Maybe it is time to sit down and think? Because as it is now – as I see it – the distance to the nuclear war is shrinking fast. Russia has everything to response militarily. I do not know HOW STUPID, HOW DUMB are the Western political elite and American in particular, when in December 2021 Russians over the head of EU sent the US a letter which explicitly warned about “technical military response” if Russia’s security is not taken into account. Now we have what we have: Death and Destruction, what the West is celebrating, – why not – it’s me who drains my savings to help my friends and relatives in Ukraine…You meanwhile announce $40 Billion “help”, – aha, out which is a half is going to the US companies but it is the Ukraine who will pay for this funny “lend lease”.
What I can say – you know how to make money on other people blood.
And at last so that there is no cheap crap about “russkie” – my father was born off Center West Ukraine.

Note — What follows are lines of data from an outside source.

(* There exist an integer $k \geq 1$ and maximum speeds $v_1, \dots, v_k > 0$ for which the partition-based strategy is not optimal: for some $l > (v_1 + \dots + v_k)/2$ there is a strategy for $k$ agents with maximum speeds $v_1, \dots, v_k$ that patrols the fence $[0, l]$.
   Context: Fence patrolling: a fence is a segment $[0,l]$ with $l>0$. There are $k$ agents $a_1,\dots,a_k$ with given maximum speeds $v_1,\dots,v_k>0$. The motion of agent $a_i$ is a function $a_i\colon[0,\infty)\to[0,l]$ satisfying $|a_i(t)-a_i(t+\epsilon)|\le v_i\epsilon$ for all $t\ge 0$, $\epsilon>0$. Agents may move in both directions and may pass each other. A strategy is a $k$-tuple $(a_1,\dots,a_k)$ of such functions. Agent $a_i$ covers the pair $(x;t^* )$ if $a_i(t)=x$ for some $t\in[t^*-1,t^* )$. A strategy patrols $[0,l]$ if for every $x\in[0,l]$ and every $t^*\in[1,\infty)$ some agent $a_i$ covers $(x;t^* )$. The partition-based strategy splits $[0,l]$ into $k$ consecutive segments of lengths proportional to $v_1,\dots,v_k$, with agent $a_i$ moving back and forth at full speed between the endpoints of the $i$-th segment; it patrols a fence of length $(v_1+\dots+v_k)/2$. It is called optimal for given speeds if no strategy for those speeds patrols a fence longer than $(v_1+\dots+v_k)/2$. *)

theory Defs
  imports Complex_Main
begin

definition valid_motion :: "real \<Rightarrow> real \<Rightarrow> (real \<Rightarrow> real) \<Rightarrow> bool" where
  "valid_motion l vi ai \<longleftrightarrow>
     (\<forall>t\<ge>0. 0 \<le> ai t \<and> ai t \<le> l) \<and>
     (\<forall>t\<ge>0. \<forall>\<epsilon>>0. \<bar>ai t - ai (t + \<epsilon>)\<bar> \<le> vi * \<epsilon>)"

definition is_strategy :: "nat \<Rightarrow> (nat \<Rightarrow> real) \<Rightarrow> real \<Rightarrow> (nat \<Rightarrow> real \<Rightarrow> real) \<Rightarrow> bool" where
  "is_strategy k v l a \<longleftrightarrow> (\<forall>i<k. valid_motion l (v i) (a i))"

definition covers :: "(real \<Rightarrow> real) \<Rightarrow> real \<Rightarrow> real \<Rightarrow> bool" where
  "covers ai x tstar \<longleftrightarrow> (\<exists>t. tstar - 1 \<le> t \<and> t < tstar \<and> ai t = x)"

definition patrols :: "nat \<Rightarrow> real \<Rightarrow> (nat \<Rightarrow> real \<Rightarrow> real) \<Rightarrow> bool" where
  "patrols k l a \<longleftrightarrow>
     (\<forall>x. 0 \<le> x \<and> x \<le> l \<longrightarrow> (\<forall>tstar\<ge>1. \<exists>i<k. covers (a i) x tstar))"

end

theory Submission
  imports Defs "HOL-Analysis.Analysis"
begin

text \<open>Cut the fence [0, 99/4] into eleven cells of length 9/4. Every agent runs a
  zigzag of round-trip time 3 or 1, so a point is patrolled as soon as its visit times
  within one period leave no gap longer than 1. Ten agents of speed 3 each sweep two
  adjacent cells, so a point at offset 3a inside an interior cell is visited at the
  times \<plusminus>a and \<plusminus>(3/4 + a) modulo 3. The gap between 3/4 + a and 9/4 - a exceeds 1
  only near a cell boundary, where it is closed by one of ten agents of speed 1
  sweeping [-3/4, 3/4] around that boundary, half a time unit out of phase. Two agents
  of speed 9/2 and period 1 guard the end cells on their own. The total speed is
  30 + 10 + 9 = 49 < 2 \<cdot> 99/4.\<close>

definition grid_dist :: "real \<Rightarrow> real \<Rightarrow> real" where
  "grid_dist P u = infdist u (range (\<lambda>m::int. P * of_int m))"

lemma grid_dist_le: "grid_dist P u \<le> \<bar>u - P * of_int m\<bar>"
proof -
  have "P * of_int m \<in> range (\<lambda>m::int. P * of_int m)" by blast
  then show ?thesis unfolding grid_dist_def dist_real_def[symmetric] by (rule infdist_le)
qed

lemma grid_dist_ge:
  assumes "\<And>m::int. d \<le> \<bar>u - P * of_int m\<bar>"
  shows "d \<le> grid_dist P u"
proof -
  have "d \<le> (INF a\<in>range (\<lambda>m::int. P * of_int m). dist u a)"
    by (rule cINF_greatest) (auto simp: dist_real_def assms)
  then show ?thesis unfolding grid_dist_def by (simp add: infdist_notempty)
qed

lemma grid_dist_nonneg: "0 \<le> grid_dist P u"
  unfolding grid_dist_def by (rule infdist_nonneg)

lemma grid_dist_le_half:
  assumes "P > 0"
  shows "grid_dist P u \<le> P / 2"
proof -
  have "u - P * of_int (round (u / P)) = P * (u / P - of_int (round (u / P)))"
    using assms by (simp add: right_diff_distrib)
  then have "\<bar>u - P * of_int (round (u / P))\<bar> = P * \<bar>of_int (round (u / P)) - u / P\<bar>"
    using assms by (simp add: abs_mult abs_minus_commute)
  also have "\<dots> \<le> P * (1/2)"
    using assms of_int_round_abs_le[of "u / P"] by (intro mult_left_mono) auto
  finally show ?thesis using grid_dist_le[of P u "round (u / P)"] by linarith
qed

lemma grid_dist_lipschitz: "\<bar>grid_dist P u - grid_dist P w\<bar> \<le> \<bar>u - w\<bar>"
  unfolding grid_dist_def using infdist_triangle_abs by (metis dist_real_def)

I do not think that you are evil, you just want to feel good at cheap, while like a politically correct soccer moms, you care so much about fast food because this is how you live, – food, information, feelings: everything has a quick cheap fix – McDonalds, CNN, Pills to feel good. For the poor drugs are on the street corner, for the those with money – at CVS on prescription.
My best. My dog is a most tender creature in the world, he is a 12 year old pitbull. Picked up on a highway 11 years ago. Amstaff, for those who know.
Good luck to everybody.

William Adams
William Adams
1 year ago

What a rant and as for “Russian security”, how about Ukranian security and the security of the numerous other countries Russia has invaded over the past century?